Your goal: All the data should be transcribed exactly, with every line kept.

※

lemma AE_X_eq_X_bin: "AE \<omega> in M. \<forall>t. X t \<omega> = X_bin t \<omega>"
proof -
  have "AE \<omega> in M. X t \<omega> = X_bin t \<omega>" for t
  proof -
    have "AE \<omega> in M. X t \<omega> \<in> {0, 1}"
      by (rule AE_binary_if_bernoulli_cdf[OF X_measurable _ _ X_cdf]) (use p_pos p_less_1 in auto)
    then show ?thesis by eventually_elim (auto simp: X_bin_def)
  qed
  then show ?thesis by (simp add: AE_all_countable)
qed

lemma prob_X_eq_prob_X_bin:
  assumes "Measurable.pred M (\<lambda>\<omega>. Q (\<lambda>i. X i \<omega>))" "Measurable.pred M (\<lambda>\<omega>. Q (\<lambda>i. X_bin i \<omega>))"
  shows "prob {\<omega> \<in> space M. Q (\<lambda>i. X i \<omega>)} = prob {\<omega> \<in> space M. Q (\<lambda>i. X_bin i \<omega>)}"
proof (rule finite_measure_eq_AE)
  show "AE \<omega> in M. \<omega> \<in> {\<omega> \<in> space M. Q (\<lambda>i. X i \<omega>)} \<longleftrightarrow> \<omega> \<in> {\<omega> \<in> space M. Q (\<lambda>i. X_bin i \<omega>)}"
    using AE_X_eq_X_bin by eventually_elim auto
qed (use assms in auto)

definition prob00 :: real where
  "prob00 = mix_copula a (1 - p) (1 - p)"

definition q00 :: real where
  "q00 = prob00 / (1 - p)"

definition q11 :: real where
  "q11 = (2 * p - 1 + prob00) / p"

lemma q00_plus_q11_minus_1:
  "q00 + q11 - 1 = (if p < 1/2 then (a - p) / (1 - p) else (a + p - 1) / p)"
  using p_pos p_less_1
  by (auto simp: q00_def q11_def prob00_def mix_copula_def max_def field_simps)

sublocale chain: ergodic_two_state_chain q00 q11 p
proof
  show "0 < p" "p < 1" by (fact p_pos, fact p_less_1)
  show "(1 - p) * (1 - q00) = p * (1 - q11)"
    using p_pos p_less_1 by (simp add: q00_def q11_def field_simps)
  show "\<bar>q00 + q11 - 1\<bar> < 1"
    using a_pos a_less_1 p_pos p_less_1
    by (auto simp: q00_plus_q11_minus_1 abs_less_iff divide_simps)
qed

lemma limit_variance_eq:
  "chain.limit_variance = (if p < 1/2 then p * (1 - p) * (1 + a - 2 * p) / (1 - a)
                        else p * (1 - p) * (a + 2 * p - 1) / (1 - a))"
proof (cases "p < 1/2")
  case True
  then have "1 + chain.lam = (1 + a - 2 * p) / (1 - p)" "1 - chain.lam = (1 - a) / (1 - p)"
    using p_less_1 by (simp_all add: chain.lam_def q00_plus_q11_minus_1 field_simps)
  then show ?thesis using True p_less_1 a_less_1 by (simp add: chain.limit_variance_def)
next
  case False
  then have "1 + chain.lam = (a + 2 * p - 1) / p" "1 - chain.lam = (1 - a) / p"
    using p_pos by (simp_all add: chain.lam_def q00_plus_q11_minus_1 field_simps)
  then show ?thesis using False p_pos a_less_1 by (simp add: chain.limit_variance_def)
qed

※

Exercise answer:
lemma AE_X_eq_X_bin: "AE \<omega> in M. \<forall>t. X t \<omega> = X_bin t \<omega>"
proof -
  have "AE \<omega> in M. X t \<omega> = X_bin t \<omega>" for t
  proof -
    have "AE \<omega> in M. X t \<omega> \<in> {0, 1}"
      by (rule AE_binary_if_bernoulli_cdf[OF X_measurable _ _ X_cdf]) (use p_pos p_less_1 in auto)
    then show ?thesis by eventually_elim (auto simp: X_bin_def)
  qed
  then show ?thesis by (simp add: AE_all_countable)
qed

lemma prob_X_eq_prob_X_bin:
  assumes "Measurable.pred M (\<lambda>\<omega>. Q (\<lambda>i. X i \<omega>))" "Measurable.pred M (\<lambda>\<omega>. Q (\<lambda>i. X_bin i \<omega>))"
  shows "prob {\<omega> \<in> space M. Q (\<lambda>i. X i \<omega>)} = prob {\<omega> \<in> space M. Q (\<lambda>i. X_bin i \<omega>)}"
proof (rule finite_measure_eq_AE)
  show "AE \<omega> in M. \<omega> \<in> {\<omega> \<in> space M. Q (\<lambda>i. X i \<omega>)} \<longleftrightarrow> \<omega> \<in> {\<omega> \<in> space M. Q (\<lambda>i. X_bin i \<omega>)}"
    using AE_X_eq_X_bin by eventually_elim auto
qed (use assms in auto)

definition prob00 :: real where
  "prob00 = mix_copula a (1 - p) (1 - p)"

definition q00 :: real where
  "q00 = prob00 / (1 - p)"

definition q11 :: real where
  "q11 = (2 * p - 1 + prob00) / p"

lemma q00_plus_q11_minus_1:
  "q00 + q11 - 1 = (if p < 1/2 then (a - p) / (1 - p) else (a + p - 1) / p)"
  using p_pos p_less_1
  by (auto simp: q00_def q11_def prob00_def mix_copula_def max_def field_simps)

sublocale chain: ergodic_two_state_chain q00 q11 p
proof
  show "0 < p" "p < 1" by (fact p_pos, fact p_less_1)
  show "(1 - p) * (1 - q00) = p * (1 - q11)"
    using p_pos p_less_1 by (simp add: q00_def q11_def field_simps)
  show "\<bar>q00 + q11 - 1\<bar> < 1"
    using a_pos a_less_1 p_pos p_less_1
    by (auto simp: q00_plus_q11_minus_1 abs_less_iff divide_simps)
qed

lemma limit_variance_eq:
  "chain.limit_variance = (if p < 1/2 then p * (1 - p) * (1 + a - 2 * p) / (1 - a)
                        else p * (1 - p) * (a + 2 * p - 1) / (1 - a))"
proof (cases "p < 1/2")
  case True
  then have "1 + chain.lam = (1 + a - 2 * p) / (1 - p)" "1 - chain.lam = (1 - a) / (1 - p)"
    using p_less_1 by (simp_all add: chain.lam_def q00_plus_q11_minus_1 field_simps)
  then show ?thesis using True p_less_1 a_less_1 by (simp add: chain.limit_variance_def)
next
  case False
  then have "1 + chain.lam = (a + 2 * p - 1) / p" "1 - chain.lam = (1 - a) / p"
    using p_pos by (simp_all add: chain.lam_def q00_plus_q11_minus_1 field_simps)
  then show ?thesis using False p_pos a_less_1 by (simp add: chain.limit_variance_def)
qed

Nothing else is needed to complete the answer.